(* The fine time-grid propagators $\Psi_j=(M_s+\tau_j Q_s)^{-1}M_s$, $j=1,\dots,N$, and the coarse time-grid propagators $\Phi_k=(M_s+\tilde{\tau}_k Q_s)^{-1}M_s$, $k=1,\dots,N_c$, are both strongly stable, i.e. their discrete $l^2$-norms satisfy $\|\Psi_j\|<1$ and $\|\Phi_k\|<1$.
   Context: Setting: the unsteady fractional Laplacian problem $\partial_t u=-(-\Delta)^{\alpha/2}u+f$ on a bounded Lipschitz domain $\Omega\subset\mathbb{R}^d$ with $\alpha\in(0,2)$ is reformulated via the Caffarelli–Silvestre extension on the truncated cylinder $\Omega\times(0,\mathcal{Z})$ with weight $z^\beta$, $\beta=1-\alpha$, and discretized by tensor-product $\mathcal{P}_1\otimes\mathcal{P}_1$ finite elements (spatial basis $\phi_i$, $i=1,\dots,n$; extended-direction basis $\psi_j$, $j=1,\dots,M-1$) and backward Euler in time on a (possibly nonuniform) mesh $0=t_0<\dots<t_N=T$ with steps $\tau_j=t_j-t_{j-1}$. The matrices are $M_s=(\frac{1}{d_\alpha}\int_\Omega\phi_i\phi_q)$, $A_s=(\frac{1}{d_\alpha}\int_\Omega\nabla\phi_i\cdot\nabla\phi_q)$, $M_z=(\int_0^{\mathcal{Z}}z^\beta\psi_j\psi_l)$, $A_z=(\int_0^{\mathcal{Z}}z^\beta\psi_j'\psi_l')$, with $d_\alpha>0$ a normalization constant. Eliminating the auxiliary (non-trace) unknowns gives the time-stepping $(M_s+\tau_{k+1}Q_s)\mathcal{U}_{k+1}=M_s\mathcal{U}_k+\tau_{k+1}\mathcal{F}_{k+1}$, where $Q_s$ is the Schur complement $Q_s=(m^z_{11}A_s+a^z_{11}M_s)-(\tilde m_z\otimes A_s+\tilde a_z\otimes M_s)(\tilde M_z\otimes A_s+\tilde A_z\otimes M_s)^{-1}(\tilde m_z^T\otimes A_s+\tilde a_z^T\otimes M_s)$, with $\tilde m_z,\tilde a_z$ the first rows of $M_z,A_z$ without the first entry and $\tilde M_z,\tilde A_z$ the trailing principal submatrices (indices $2,\dots,M-1$); $M_s$ and $M_s^{-1/2}Q_sM_s^{-1/2}$ are SPD. For a coarsening factor $m$, the coarse time grid is $\tilde t_i=t_{mi}$, $i=0,\dots,N_c=N/m$, with steps $\tilde\tau_k=\tilde t_k-\tilde t_{k-1}$. *)

theory Defs
  imports "HOL-Analysis.Analysis"
begin

definition spd :: "real^'n^'n \<Rightarrow> bool" where
  "spd A \<longleftrightarrow> transpose A = A \<and> (\<forall>x::real^'n. x \<noteq> 0 \<longrightarrow> x \<bullet> (A *v x) > 0)"

text \<open>Discrete l2 (mass-matrix weighted) norm of a coefficient vector: sqrt(x^T M x).\<close>
definition Mnorm :: "real^'n^'n \<Rightarrow> real^'n \<Rightarrow> real" where
  "Mnorm M x = sqrt (x \<bullet> (M *v x))"

definition Mopnorm :: "real^'n^'n \<Rightarrow> real^'n^'n \<Rightarrow> real" where
  "Mopnorm M A = (SUP x\<in>{x::real^'n. x \<noteq> 0}. Mnorm M (A *v x) / Mnorm M x)"

definition propagator :: "real^'n^'n \<Rightarrow> real^'n^'n \<Rightarrow> real \<Rightarrow> real^'n^'n" where
  "propagator M Q tau = matrix_inv (M + tau *\<^sub>R Q) ** M"

end

theory Submission
  imports Defs
begin

text \<open>Let \<open>H\<close> be the SPD square root of \<open>M\<close>. Then \<open>Mnorm M x = norm (H x)\<close>, and with
  \<open>B = H\<inverse> Q H\<inverse>\<close> we have \<open>Q = H B H\<close>, so \<open>y = (M + \<tau> Q)\<inverse> M x\<close> satisfies the energy identity
  \<open>\<parallel>H y\<parallel>\<^sup>2 + \<tau> (H y) \<bullet> B (H y) = (H y) \<bullet> (H x)\<close>. If \<open>c > 0\<close> bounds the Rayleigh quotient of the SPD
  matrix \<open>B\<close> from below, Cauchy-Schwarz gives \<open>(1 + \<tau> c) \<parallel>H y\<parallel> \<le> \<parallel>H x\<parallel>\<close>, so every backward Euler
  propagator with a positive step is a strict contraction in the \<open>M\<close>-norm. The fine and the coarse
  steps are positive because the time grid is strictly increasing.\<close>

lemma matrix_inv_inverse:
  fixes A :: "'a::field^'n^'n"
  assumes "invertible A"
  shows "A ** matrix_inv A = mat 1" and "matrix_inv A ** A = mat 1"
proof -
  have "\<exists>A'. A ** A' = mat 1 \<and> A' ** A = mat 1"
    using assms by (simp add: invertible_def)
  then have "A ** matrix_inv A = mat 1 \<and> matrix_inv A ** A = mat 1"
    unfolding matrix_inv_def by (rule someI_ex)
  then show "A ** matrix_inv A = mat 1" and "matrix_inv A ** A = mat 1" by simp_all
qed

lemma invertible_iff_ker_zero:
  fixes A :: "'a::field^'n^'n"
  shows "invertible A \<longleftrightarrow> (\<forall>x. A *v x = 0 \<longrightarrow> x = 0)"
  by (simp add: invertible_left_inverse matrix_left_invertible_ker)

lemma spd_invertible: "spd A \<Longrightarrow> invertible A"
  unfolding invertible_iff_ker_zero spd_def by force

lemma inner_symmetric_matrix:
  fixes H :: "real^'n^'n"
  assumes "transpose H = H"
  shows "x \<bullet> (H *v y) = (H *v x) \<bullet> y"
  by (metis assms dot_lmul_matrix transpose_matrix_vector)

lemma inner_square_matrix:
  fixes H :: "real^'n^'n"
  assumes "transpose H = H"
  shows "y \<bullet> ((H ** H) *v x) = (H *v y) \<bullet> (H *v x)"
  by (simp add: inner_symmetric_matrix[OF assms] matrix_vector_mul_assoc[symmetric])

lemma Mnorm_square_matrix:
  fixes H :: "real^'n^'n"
  assumes "transpose H = H"
  shows "Mnorm (H ** H) x = norm (H *v x)"
  by (simp add: Mnorm_def inner_square_matrix[OF assms] norm_eq_sqrt_inner)

lemma spd_coercive:
  fixes B :: "real^'n^'n"
  assumes "spd B"
  obtains c where "c > 0" and "\<And>z. c * (z \<bullet> z) \<le> z \<bullet> (B *v z)"
proof -
  have "continuous_on (sphere 0 1) (\<lambda>z::real^'n. z \<bullet> (B *v z))"
    by (intro continuous_intros)
  then obtain u :: "real^'n" where u: "u \<in> sphere 0 1"
    and u_min: "\<And>z. z \<in> sphere 0 1 \<Longrightarrow> u \<bullet> (B *v u) \<le> z \<bullet> (B *v z)"
    using continuous_attains_inf[of "sphere (0::real^'n) 1" "\<lambda>z. z \<bullet> (B *v z)"]
    by (auto simp: sphere_eq_empty)
  have "u \<noteq> 0"
    using u by auto
  then have "u \<bullet> (B *v u) > 0"
    using assms by (simp add: spd_def)
  moreover have "u \<bullet> (B *v u) * (z \<bullet> z) \<le> z \<bullet> (B *v z)" for z
  proof (cases "z = 0")
    case False
    define w where "w = (1 / norm z) *\<^sub>R z"
    have z_eq: "z = norm z *\<^sub>R w"
      using False by (simp add: w_def)
    have "u \<bullet> (B *v u) \<le> w \<bullet> (B *v w)"
      using False by (intro u_min) (simp add: w_def)
    then have "u \<bullet> (B *v u) * (norm z)\<^sup>2 \<le> w \<bullet> (B *v w) * (norm z)\<^sup>2"
      by (rule mult_right_mono) simp
    also have "\<dots> = z \<bullet> (B *v z)"
      by (subst (2 3) z_eq) (simp add: matrix_vector_mult_scaleR power2_eq_square mult.commute)
    finally show ?thesis
      by (simp add: power2_norm_eq_inner)
  qed simp
  ultimately show thesis by (rule that)
qed

lemma Mopnorm_le:
  fixes M A :: "real^'n^'n"
  assumes M_psd: "\<And>x. x \<bullet> (M *v x) \<ge> 0"
    and "r \<ge> 0" and "\<And>x. x \<noteq> 0 \<Longrightarrow> Mnorm M (A *v x) \<le> r * Mnorm M x"
  shows "Mopnorm M A \<le> r"
  unfolding Mopnorm_def
proof (rule cSUP_least)
  show "{x::real^'n. x \<noteq> 0} \<noteq> {}" by auto
  fix x :: "real^'n"
  assume "x \<in> {x. x \<noteq> 0}"
  moreover have "Mnorm M x \<ge> 0"
    using M_psd by (simp add: Mnorm_def)
  ultimately show "Mnorm M (A *v x) / Mnorm M x \<le> r"
    using assms by (cases "Mnorm M x = 0") (auto simp: divide_le_eq mult.commute)
qed

lemma backward_euler_energy:
  fixes H B :: "real^'n^'n"
  assumes H_sym: "transpose H = H"
    and B_coercive: "\<And>z. c * (z \<bullet> z) \<le> z \<bullet> (B *v z)" and "\<tau> \<ge> 0"
  shows "(1 + \<tau> * c) * (norm (H *v y))\<^sup>2 \<le> y \<bullet> ((H ** H + \<tau> *\<^sub>R (H ** B ** H)) *v y)"
proof -
  have "y \<bullet> ((H ** B ** H) *v y) = (H *v y) \<bullet> (B *v (H *v y))"
    by (simp add: inner_symmetric_matrix[OF H_sym] matrix_vector_mul_assoc[symmetric])
  then have "y \<bullet> ((H ** H + \<tau> *\<^sub>R (H ** B ** H)) *v y)
      = (norm (H *v y))\<^sup>2 + \<tau> * ((H *v y) \<bullet> (B *v (H *v y)))"
    by (simp add: matrix_vector_mult_add_rdistrib scaleR_matrix_vector_assoc[symmetric]
        inner_add_right inner_square_matrix[OF H_sym] power2_norm_eq_inner)
  moreover have "\<tau> * (c * (norm (H *v y))\<^sup>2) \<le> \<tau> * ((H *v y) \<bullet> (B *v (H *v y)))"
    using B_coercive[of "H *v y"] \<open>\<tau> \<ge> 0\<close> by (simp add: mult_left_mono power2_norm_eq_inner)
  ultimately show ?thesis
    by (simp add: algebra_simps)
qed

lemma propagator_contracts:
  fixes H B :: "real^'n^'n"
  assumes H_sym: "transpose H = H" and H_inv: "invertible H"
    and B_coercive: "\<And>z. c * (z \<bullet> z) \<le> z \<bullet> (B *v z)" and "c \<ge> 0" and "\<tau> \<ge> 0"
  defines "M \<equiv> H ** H" and "Q \<equiv> H ** B ** H"
  shows "(1 + \<tau> * c) * Mnorm M (propagator M Q \<tau> *v x) \<le> Mnorm M x"
proof -
  define P where "P = M + \<tau> *\<^sub>R Q"
  define y where "y = propagator M Q \<tau> *v x"
  have energy: "(1 + \<tau> * c) * (norm (H *v z))\<^sup>2 \<le> z \<bullet> (P *v z)" for z
    unfolding P_def M_def Q_def using backward_euler_energy[OF H_sym B_coercive \<open>\<tau> \<ge> 0\<close>] .
  have "1 + \<tau> * c > 0"
    using \<open>c \<ge> 0\<close> \<open>\<tau> \<ge> 0\<close> by (simp add: add_pos_nonneg)
  have "invertible P"
    unfolding invertible_iff_ker_zero
  proof (intro allI impI)
    fix z assume "P *v z = 0"
    then have "(1 + \<tau> * c) * (norm (H *v z))\<^sup>2 \<le> 0"
      using energy[of z] by simp
    then have "H *v z = 0"
      using \<open>1 + \<tau> * c > 0\<close> by (simp add: mult_le_0_iff)
    then show "z = 0"
      using H_inv by (simp add: invertible_iff_ker_zero)
  qed
  have "P *v y = (P ** matrix_inv P ** M) *v x"
    by (simp add: y_def propagator_def P_def[symmetric] matrix_vector_mul_assoc matrix_mul_assoc)
  then have "P *v y = M *v x"
    using \<open>invertible P\<close> by (simp add: matrix_inv_inverse matrix_mul_lid)
  then have "(1 + \<tau> * c) * (norm (H *v y))\<^sup>2 \<le> (H *v y) \<bullet> (H *v x)"
    using energy[of y] by (simp add: M_def inner_square_matrix[OF H_sym])
  also have "\<dots> \<le> norm (H *v y) * norm (H *v x)"
    by (rule norm_cauchy_schwarz)
  finally have "(1 + \<tau> * c) * norm (H *v y) \<le> norm (H *v x)"
    by (cases "H *v y = 0") (simp_all add: power2_eq_square)
  then show ?thesis
    by (simp add: y_def M_def Mnorm_square_matrix[OF H_sym])
qed

lemma Mopnorm_propagator_less_1:
  fixes M Q H :: "real^'n^'n"
  assumes H_spd: "spd H" and H_sq: "H ** H = M"
    and B_spd: "spd (matrix_inv H ** Q ** matrix_inv H)" and "\<tau> > 0"
  shows "Mopnorm M (propagator M Q \<tau>) < 1"
proof -
  define B where "B = matrix_inv H ** Q ** matrix_inv H"
  obtain c where "c > 0" and B_coercive: "\<And>z. c * (z \<bullet> z) \<le> z \<bullet> (B *v z)"
    using spd_coercive B_spd unfolding B_def by blast
  have H_sym: "transpose H = H" and H_inv: "invertible H"
    using H_spd spd_invertible by (auto simp: spd_def)
  have Q_eq: "Q = H ** B ** H"
    by (simp add: B_def matrix_mul_assoc matrix_inv_inverse[OF H_inv] matrix_mul_lid)
      (simp add: matrix_mul_assoc[symmetric] matrix_inv_inverse[OF H_inv] matrix_mul_rid)
  have "1 + \<tau> * c > 1"
    using \<open>c > 0\<close> \<open>\<tau> > 0\<close> by simp
  have "Mopnorm M (propagator M Q \<tau>) \<le> 1 / (1 + \<tau> * c)"
  proof (rule Mopnorm_le)
    show "x \<bullet> (M *v x) \<ge> 0" for x
      by (simp add: H_sq[symmetric] inner_square_matrix[OF H_sym])
  next
    fix x :: "real^'n"
    have "(1 + \<tau> * c) * Mnorm M (propagator M Q \<tau> *v x) \<le> Mnorm M x"
      using propagator_contracts[OF H_sym H_inv B_coercive] \<open>c > 0\<close> \<open>\<tau> > 0\<close>
      by (simp add: H_sq Q_eq)
    then show "Mnorm M (propagator M Q \<tau> *v x) \<le> 1 / (1 + \<tau> * c) * Mnorm M x"
      using \<open>1 + \<tau> * c > 1\<close> by (simp add: field_simps)
  qed (use \<open>1 + \<tau> * c > 1\<close> in simp)
  also have "\<dots> < 1"
    using \<open>1 + \<tau> * c > 1\<close> by simp
  finally show ?thesis .
qed

theorem theorem2:
  fixes Ms Qs Ms_half :: "real^'n^'n"
    and t :: "nat \<Rightarrow> real" and T :: real and N m :: nat
  assumes Ms_spd: "spd Ms"
    and half_spd: "spd Ms_half" and half_sq: "Ms_half ** Ms_half = Ms"
    and Q_spd: "spd (matrix_inv Ms_half ** Qs ** matrix_inv Ms_half)"
    and t0: "t 0 = 0" and tN: "t N = T"
    and t_mono: "\<And>j. j < N \<Longrightarrow> t j < t (Suc j)"
    and m_pos: "m \<ge> 1" and m_dvd: "m dvd N"
  shows "(\<forall>j \<in> {1..N}. Mopnorm Ms (propagator Ms Qs (t j - t (j - 1))) < 1)
       \<and> (\<forall>k \<in> {1..N div m}. Mopnorm Ms (propagator Ms Qs (t (m * k) - t (m * (k - 1)))) < 1)"
proof -
  \<comment> \<open>\<open>Ms_spd\<close> is implied by \<open>half_spd\<close> and \<open>half_sq\<close>.\<close>
  have stable: "Mopnorm Ms (propagator Ms Qs (t b - t a)) < 1" if "a < b" "b \<le> N" for a b
  proof -
    have "t a < t b"
    proof (rule lift_Suc_mono_less_ivl[of "{..<N}" t a b])
      show "{a..<b} \<subseteq> {..<N}"
        using \<open>b \<le> N\<close> by auto
    qed (use t_mono \<open>a < b\<close> in auto)
    then show ?thesis
      using Mopnorm_propagator_less_1[OF half_spd half_sq Q_spd] by simp
  qed
  have "m * k \<le> N" if "k \<le> N div m" for k
    using that m_dvd by (metis dvd_mult_div_cancel mult_le_mono2)
  then show ?thesis
    using m_pos by (auto intro!: stable)
qed

end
..........
▶ [WHAT IS EXPECTED] Please make an exact copy of the lines above from the line with "using energy[of y]" through the line with "(matrix_inv H **", both ends included.

▶ [RESPONSE FOR THIS EXERCISE]
    using energy[of y] by (simp add: M_def inner_square_matrix[OF H_sym])
  also have "\<dots> \<le> norm (H *v y) * norm (H *v x)"
    by (rule norm_cauchy_schwarz)
  finally have "(1 + \<tau> * c) * norm (H *v y) \<le> norm (H *v x)"
    by (cases "H *v y = 0") (simp_all add: power2_eq_square)
  then show ?thesis
    by (simp add: y_def M_def Mnorm_square_matrix[OF H_sym])
qed

lemma Mopnorm_propagator_less_1:
  fixes M Q H :: "real^'n^'n"
  assumes H_spd: "spd H" and H_sq: "H ** H = M"
    and B_spd: "spd (matrix_inv H ** Q ** matrix_inv H)" and "\<tau> > 0"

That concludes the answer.